**Try it:** Using the data below, copy every line that contains the word "within".

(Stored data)
BEGIN
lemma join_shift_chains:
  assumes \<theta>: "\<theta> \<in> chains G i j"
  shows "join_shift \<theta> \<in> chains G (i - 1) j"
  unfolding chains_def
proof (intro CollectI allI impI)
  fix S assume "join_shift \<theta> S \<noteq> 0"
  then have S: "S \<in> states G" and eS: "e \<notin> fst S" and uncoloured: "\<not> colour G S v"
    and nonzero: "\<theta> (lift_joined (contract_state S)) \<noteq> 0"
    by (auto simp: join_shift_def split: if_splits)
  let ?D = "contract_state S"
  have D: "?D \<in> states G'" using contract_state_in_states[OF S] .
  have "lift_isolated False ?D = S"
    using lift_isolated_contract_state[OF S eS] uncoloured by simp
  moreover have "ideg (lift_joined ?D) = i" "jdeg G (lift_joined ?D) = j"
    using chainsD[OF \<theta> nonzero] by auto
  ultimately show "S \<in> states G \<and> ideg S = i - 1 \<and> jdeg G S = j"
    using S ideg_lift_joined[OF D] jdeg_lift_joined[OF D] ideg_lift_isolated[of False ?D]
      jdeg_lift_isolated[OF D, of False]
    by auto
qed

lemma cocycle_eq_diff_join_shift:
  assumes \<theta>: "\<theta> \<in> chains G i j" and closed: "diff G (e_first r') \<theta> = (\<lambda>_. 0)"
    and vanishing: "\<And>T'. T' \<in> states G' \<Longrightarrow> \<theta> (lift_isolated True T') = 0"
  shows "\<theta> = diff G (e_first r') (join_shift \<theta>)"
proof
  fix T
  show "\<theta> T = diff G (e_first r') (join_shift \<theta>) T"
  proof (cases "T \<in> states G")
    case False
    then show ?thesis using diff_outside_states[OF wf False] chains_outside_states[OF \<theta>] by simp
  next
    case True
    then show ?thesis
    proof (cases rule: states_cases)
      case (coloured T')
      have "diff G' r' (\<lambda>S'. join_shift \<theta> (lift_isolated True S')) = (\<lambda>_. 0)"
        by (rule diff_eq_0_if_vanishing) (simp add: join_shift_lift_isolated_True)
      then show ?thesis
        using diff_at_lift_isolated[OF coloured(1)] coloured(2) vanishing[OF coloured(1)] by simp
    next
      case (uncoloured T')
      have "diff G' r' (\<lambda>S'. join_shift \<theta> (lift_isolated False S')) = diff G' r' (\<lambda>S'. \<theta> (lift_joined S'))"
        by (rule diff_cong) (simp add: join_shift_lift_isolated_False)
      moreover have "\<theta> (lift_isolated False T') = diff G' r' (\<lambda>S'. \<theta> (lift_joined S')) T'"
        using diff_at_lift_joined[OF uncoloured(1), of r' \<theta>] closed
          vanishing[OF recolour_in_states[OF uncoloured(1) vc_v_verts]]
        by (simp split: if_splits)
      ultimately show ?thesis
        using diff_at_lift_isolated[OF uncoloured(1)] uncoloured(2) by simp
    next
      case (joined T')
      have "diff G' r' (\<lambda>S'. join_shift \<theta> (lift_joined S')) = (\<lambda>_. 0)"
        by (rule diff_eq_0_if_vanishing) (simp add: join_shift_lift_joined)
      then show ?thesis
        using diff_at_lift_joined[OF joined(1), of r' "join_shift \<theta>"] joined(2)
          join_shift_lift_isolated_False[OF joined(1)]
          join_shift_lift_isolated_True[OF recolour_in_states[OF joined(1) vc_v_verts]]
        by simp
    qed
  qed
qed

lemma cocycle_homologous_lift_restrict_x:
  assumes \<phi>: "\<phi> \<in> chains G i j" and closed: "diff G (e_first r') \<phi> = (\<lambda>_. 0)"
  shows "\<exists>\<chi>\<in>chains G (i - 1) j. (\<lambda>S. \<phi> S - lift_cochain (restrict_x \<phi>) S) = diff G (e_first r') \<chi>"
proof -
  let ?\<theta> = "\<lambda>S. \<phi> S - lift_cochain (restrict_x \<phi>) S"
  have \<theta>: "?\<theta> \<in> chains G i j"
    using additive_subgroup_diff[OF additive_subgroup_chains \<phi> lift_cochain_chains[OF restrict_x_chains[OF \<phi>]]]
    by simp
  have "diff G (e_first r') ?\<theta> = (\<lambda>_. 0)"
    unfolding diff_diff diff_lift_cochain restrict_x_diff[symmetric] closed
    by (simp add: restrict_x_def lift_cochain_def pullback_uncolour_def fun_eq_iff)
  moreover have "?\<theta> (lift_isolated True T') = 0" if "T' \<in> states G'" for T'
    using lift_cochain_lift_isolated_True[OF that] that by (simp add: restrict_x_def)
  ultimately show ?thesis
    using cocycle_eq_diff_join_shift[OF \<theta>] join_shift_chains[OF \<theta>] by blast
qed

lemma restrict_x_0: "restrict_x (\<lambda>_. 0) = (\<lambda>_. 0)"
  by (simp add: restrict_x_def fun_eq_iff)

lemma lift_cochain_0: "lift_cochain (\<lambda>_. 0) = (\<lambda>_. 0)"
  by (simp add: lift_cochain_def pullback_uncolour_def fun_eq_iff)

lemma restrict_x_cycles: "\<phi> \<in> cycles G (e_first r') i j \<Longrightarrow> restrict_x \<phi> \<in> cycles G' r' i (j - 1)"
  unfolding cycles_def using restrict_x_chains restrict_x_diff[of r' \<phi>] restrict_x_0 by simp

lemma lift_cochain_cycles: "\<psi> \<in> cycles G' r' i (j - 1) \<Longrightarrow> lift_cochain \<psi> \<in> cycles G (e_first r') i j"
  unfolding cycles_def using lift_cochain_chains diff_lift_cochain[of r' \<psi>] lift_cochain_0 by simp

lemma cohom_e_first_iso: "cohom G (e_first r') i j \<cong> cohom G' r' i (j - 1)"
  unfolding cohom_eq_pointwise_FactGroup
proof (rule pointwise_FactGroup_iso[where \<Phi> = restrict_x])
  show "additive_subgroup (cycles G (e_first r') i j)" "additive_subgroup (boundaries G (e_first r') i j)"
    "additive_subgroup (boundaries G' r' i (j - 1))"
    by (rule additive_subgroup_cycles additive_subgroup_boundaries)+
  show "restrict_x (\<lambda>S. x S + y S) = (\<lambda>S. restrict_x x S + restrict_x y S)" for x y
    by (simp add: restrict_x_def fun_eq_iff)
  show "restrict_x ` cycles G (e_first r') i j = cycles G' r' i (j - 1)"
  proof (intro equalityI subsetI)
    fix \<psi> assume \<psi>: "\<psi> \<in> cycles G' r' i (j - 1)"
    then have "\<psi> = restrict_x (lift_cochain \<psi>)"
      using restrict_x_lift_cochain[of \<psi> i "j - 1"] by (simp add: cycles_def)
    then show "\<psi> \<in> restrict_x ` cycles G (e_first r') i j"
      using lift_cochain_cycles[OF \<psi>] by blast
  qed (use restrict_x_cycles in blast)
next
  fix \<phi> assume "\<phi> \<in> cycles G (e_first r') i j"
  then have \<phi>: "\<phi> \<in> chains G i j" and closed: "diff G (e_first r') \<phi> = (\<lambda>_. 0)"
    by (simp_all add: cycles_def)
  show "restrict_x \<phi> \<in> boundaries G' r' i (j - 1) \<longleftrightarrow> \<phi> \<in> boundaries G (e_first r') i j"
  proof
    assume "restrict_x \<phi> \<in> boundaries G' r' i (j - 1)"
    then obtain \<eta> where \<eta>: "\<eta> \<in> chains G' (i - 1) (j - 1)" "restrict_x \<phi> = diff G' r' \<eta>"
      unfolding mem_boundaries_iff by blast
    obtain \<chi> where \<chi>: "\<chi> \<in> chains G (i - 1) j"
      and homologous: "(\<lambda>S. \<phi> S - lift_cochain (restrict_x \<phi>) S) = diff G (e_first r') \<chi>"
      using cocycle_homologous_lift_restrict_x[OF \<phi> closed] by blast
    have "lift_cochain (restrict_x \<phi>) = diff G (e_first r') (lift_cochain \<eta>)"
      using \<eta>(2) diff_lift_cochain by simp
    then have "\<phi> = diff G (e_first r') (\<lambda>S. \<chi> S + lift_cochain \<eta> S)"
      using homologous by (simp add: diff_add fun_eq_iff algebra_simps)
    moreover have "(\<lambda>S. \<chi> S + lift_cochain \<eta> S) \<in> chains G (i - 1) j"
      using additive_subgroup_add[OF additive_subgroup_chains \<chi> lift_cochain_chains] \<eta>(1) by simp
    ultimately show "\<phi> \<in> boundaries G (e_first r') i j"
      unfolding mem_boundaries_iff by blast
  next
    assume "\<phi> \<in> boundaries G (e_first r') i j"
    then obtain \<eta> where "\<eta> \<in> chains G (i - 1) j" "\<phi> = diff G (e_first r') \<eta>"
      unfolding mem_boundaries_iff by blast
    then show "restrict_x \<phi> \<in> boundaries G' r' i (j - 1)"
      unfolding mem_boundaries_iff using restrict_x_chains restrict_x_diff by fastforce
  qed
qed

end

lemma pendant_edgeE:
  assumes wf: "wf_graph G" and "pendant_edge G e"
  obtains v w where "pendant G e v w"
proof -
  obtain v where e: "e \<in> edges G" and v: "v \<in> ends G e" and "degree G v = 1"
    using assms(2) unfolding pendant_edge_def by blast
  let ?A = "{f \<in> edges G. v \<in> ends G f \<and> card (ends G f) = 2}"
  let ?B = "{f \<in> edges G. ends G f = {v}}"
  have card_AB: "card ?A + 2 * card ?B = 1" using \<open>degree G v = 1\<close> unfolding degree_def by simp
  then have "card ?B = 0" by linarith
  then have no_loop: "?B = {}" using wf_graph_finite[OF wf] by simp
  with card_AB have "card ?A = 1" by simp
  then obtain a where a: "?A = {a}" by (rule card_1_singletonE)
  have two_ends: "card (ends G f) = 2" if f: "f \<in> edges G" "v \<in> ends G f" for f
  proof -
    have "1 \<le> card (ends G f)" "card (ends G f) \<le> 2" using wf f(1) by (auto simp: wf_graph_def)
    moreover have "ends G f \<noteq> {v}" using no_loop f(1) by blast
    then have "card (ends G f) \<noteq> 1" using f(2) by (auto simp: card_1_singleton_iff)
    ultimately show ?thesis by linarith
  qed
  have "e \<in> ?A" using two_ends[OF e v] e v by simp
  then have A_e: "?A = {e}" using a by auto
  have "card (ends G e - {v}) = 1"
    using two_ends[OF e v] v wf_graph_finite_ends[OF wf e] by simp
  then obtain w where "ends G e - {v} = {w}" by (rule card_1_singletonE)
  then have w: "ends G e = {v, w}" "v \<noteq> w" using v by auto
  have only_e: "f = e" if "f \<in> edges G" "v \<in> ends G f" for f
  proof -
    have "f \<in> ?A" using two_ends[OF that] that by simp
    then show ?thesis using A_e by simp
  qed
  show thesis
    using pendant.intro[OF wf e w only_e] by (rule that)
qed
END
BEGIN
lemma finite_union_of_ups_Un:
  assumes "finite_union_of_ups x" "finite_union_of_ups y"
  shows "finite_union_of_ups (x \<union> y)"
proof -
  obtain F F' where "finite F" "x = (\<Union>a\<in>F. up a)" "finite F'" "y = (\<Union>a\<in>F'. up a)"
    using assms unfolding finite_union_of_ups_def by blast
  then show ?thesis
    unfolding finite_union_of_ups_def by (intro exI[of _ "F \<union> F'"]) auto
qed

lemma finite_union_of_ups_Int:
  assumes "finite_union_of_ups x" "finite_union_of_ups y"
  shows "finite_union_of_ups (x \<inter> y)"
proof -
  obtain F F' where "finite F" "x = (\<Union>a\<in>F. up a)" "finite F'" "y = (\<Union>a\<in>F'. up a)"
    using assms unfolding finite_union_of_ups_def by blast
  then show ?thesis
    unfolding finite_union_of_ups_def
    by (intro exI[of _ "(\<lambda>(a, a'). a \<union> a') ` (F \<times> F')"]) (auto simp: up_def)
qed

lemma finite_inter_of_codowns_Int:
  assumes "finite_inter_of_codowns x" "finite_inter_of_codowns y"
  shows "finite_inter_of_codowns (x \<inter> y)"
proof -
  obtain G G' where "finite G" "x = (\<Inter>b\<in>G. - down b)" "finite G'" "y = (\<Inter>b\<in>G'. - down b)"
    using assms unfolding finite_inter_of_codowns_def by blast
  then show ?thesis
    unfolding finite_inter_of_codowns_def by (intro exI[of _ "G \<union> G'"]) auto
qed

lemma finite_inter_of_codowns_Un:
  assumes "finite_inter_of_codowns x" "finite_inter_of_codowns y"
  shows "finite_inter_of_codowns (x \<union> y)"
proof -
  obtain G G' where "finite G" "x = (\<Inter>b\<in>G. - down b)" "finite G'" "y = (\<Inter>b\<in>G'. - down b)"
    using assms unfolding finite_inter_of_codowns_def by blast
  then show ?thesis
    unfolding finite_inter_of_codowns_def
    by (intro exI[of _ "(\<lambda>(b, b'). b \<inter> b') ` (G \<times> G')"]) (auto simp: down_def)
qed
END
BEGIN
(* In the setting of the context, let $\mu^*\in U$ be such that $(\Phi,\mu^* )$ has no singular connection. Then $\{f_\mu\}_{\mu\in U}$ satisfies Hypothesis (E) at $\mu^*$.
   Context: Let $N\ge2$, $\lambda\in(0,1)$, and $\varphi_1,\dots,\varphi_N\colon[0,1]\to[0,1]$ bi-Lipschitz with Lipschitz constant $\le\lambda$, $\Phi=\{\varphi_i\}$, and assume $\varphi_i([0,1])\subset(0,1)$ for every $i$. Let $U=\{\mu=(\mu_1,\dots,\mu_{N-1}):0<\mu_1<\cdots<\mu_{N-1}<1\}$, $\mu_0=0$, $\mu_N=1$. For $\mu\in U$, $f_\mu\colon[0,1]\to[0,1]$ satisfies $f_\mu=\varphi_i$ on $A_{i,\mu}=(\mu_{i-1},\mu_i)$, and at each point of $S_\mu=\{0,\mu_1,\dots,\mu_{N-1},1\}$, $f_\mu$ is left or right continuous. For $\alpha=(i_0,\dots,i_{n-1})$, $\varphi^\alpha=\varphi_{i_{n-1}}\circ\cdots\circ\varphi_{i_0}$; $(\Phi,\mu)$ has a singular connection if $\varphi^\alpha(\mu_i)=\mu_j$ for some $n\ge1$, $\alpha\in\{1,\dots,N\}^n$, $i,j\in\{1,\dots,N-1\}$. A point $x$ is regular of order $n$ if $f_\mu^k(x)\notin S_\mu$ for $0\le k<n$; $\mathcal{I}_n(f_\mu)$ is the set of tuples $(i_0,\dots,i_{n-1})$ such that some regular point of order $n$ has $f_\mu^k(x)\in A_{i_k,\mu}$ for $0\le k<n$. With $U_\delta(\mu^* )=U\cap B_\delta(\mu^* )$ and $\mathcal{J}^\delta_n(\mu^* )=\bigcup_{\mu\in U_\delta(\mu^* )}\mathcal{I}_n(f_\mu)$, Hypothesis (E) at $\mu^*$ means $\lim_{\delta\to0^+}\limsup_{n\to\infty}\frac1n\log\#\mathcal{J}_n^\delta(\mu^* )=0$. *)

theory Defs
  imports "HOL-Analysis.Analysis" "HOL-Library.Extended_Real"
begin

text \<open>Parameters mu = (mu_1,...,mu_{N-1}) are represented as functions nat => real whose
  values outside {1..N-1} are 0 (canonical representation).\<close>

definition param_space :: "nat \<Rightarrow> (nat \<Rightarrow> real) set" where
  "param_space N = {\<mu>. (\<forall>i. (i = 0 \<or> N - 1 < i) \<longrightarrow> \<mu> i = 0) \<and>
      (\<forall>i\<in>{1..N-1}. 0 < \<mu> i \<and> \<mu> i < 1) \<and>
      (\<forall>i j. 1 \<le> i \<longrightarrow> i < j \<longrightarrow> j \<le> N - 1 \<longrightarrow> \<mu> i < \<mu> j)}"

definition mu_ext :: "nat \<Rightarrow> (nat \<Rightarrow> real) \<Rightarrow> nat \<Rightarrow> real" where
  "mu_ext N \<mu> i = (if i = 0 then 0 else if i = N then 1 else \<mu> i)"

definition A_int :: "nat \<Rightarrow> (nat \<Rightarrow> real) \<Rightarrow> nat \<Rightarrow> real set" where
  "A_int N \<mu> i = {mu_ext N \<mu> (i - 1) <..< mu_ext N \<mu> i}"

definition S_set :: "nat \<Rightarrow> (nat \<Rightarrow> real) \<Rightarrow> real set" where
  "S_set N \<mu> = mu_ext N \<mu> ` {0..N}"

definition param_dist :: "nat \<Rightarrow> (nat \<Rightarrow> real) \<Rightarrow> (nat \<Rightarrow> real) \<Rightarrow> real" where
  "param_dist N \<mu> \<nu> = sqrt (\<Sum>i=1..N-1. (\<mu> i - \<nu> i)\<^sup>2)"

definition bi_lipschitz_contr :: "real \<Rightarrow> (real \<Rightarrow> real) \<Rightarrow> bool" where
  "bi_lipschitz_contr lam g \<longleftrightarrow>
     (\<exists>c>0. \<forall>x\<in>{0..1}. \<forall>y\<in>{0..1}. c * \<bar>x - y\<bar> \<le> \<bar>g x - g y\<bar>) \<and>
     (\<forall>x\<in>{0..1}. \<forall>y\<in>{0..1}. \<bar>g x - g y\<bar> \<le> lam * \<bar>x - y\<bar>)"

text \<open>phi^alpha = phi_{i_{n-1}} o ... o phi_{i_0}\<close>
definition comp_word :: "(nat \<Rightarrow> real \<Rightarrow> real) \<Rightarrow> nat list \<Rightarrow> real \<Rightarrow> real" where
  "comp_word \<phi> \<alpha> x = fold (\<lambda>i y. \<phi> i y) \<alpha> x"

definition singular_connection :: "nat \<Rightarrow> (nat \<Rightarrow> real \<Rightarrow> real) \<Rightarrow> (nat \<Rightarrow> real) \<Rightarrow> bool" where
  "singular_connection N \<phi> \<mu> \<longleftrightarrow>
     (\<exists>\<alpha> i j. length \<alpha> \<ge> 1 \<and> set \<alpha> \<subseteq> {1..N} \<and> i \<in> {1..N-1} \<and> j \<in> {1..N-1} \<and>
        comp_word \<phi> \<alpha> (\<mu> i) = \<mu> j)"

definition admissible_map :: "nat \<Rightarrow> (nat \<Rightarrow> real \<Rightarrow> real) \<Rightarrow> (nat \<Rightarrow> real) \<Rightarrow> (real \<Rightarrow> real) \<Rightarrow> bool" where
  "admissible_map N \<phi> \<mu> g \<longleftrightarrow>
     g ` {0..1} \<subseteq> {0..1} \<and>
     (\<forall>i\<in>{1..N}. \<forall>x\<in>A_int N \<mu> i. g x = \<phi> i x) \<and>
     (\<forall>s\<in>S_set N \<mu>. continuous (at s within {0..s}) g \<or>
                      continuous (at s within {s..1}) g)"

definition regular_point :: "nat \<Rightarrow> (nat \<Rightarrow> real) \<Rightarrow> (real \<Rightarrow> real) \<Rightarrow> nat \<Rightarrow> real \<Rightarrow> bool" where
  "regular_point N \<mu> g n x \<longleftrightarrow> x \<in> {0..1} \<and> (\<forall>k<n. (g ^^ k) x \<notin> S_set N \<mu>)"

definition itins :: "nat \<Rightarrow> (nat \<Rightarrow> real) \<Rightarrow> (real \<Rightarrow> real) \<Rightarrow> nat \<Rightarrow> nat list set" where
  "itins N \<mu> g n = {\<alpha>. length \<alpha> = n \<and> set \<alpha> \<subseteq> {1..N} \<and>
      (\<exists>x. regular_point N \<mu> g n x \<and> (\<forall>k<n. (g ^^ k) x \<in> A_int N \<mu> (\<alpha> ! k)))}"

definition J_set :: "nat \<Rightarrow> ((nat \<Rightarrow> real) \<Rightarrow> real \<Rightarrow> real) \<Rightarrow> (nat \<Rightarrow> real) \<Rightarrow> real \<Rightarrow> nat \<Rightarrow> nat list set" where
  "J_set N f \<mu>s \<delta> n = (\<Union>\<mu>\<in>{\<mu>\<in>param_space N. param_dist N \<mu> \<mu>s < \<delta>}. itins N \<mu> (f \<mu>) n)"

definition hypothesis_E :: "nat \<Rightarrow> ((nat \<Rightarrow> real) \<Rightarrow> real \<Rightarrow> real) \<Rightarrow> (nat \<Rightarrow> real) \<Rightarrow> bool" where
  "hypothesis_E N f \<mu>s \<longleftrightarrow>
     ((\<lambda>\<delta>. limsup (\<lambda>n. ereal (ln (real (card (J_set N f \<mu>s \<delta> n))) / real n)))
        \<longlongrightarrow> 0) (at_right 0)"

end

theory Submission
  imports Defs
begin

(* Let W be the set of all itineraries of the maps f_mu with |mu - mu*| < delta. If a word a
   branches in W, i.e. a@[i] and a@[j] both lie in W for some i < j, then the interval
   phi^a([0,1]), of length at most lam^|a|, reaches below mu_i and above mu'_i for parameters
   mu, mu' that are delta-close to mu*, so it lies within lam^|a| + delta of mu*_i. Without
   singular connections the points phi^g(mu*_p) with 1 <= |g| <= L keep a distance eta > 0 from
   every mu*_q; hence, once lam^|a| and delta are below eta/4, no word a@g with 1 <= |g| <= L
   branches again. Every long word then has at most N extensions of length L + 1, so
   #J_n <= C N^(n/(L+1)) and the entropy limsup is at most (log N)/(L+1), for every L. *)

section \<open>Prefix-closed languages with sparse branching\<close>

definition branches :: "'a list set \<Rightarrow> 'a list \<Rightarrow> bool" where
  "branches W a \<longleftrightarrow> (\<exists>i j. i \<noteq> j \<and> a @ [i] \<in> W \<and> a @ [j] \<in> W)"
END
**Exercise result:**
     (\<forall>s\<in>S_set N \<mu>. continuous (at s within {0..s}) g \<or>
                      continuous (at s within {s..1}) g)"
   mu, mu' that are delta-close to mu*, so it lies within lam^|a| + delta of mu*_i. Without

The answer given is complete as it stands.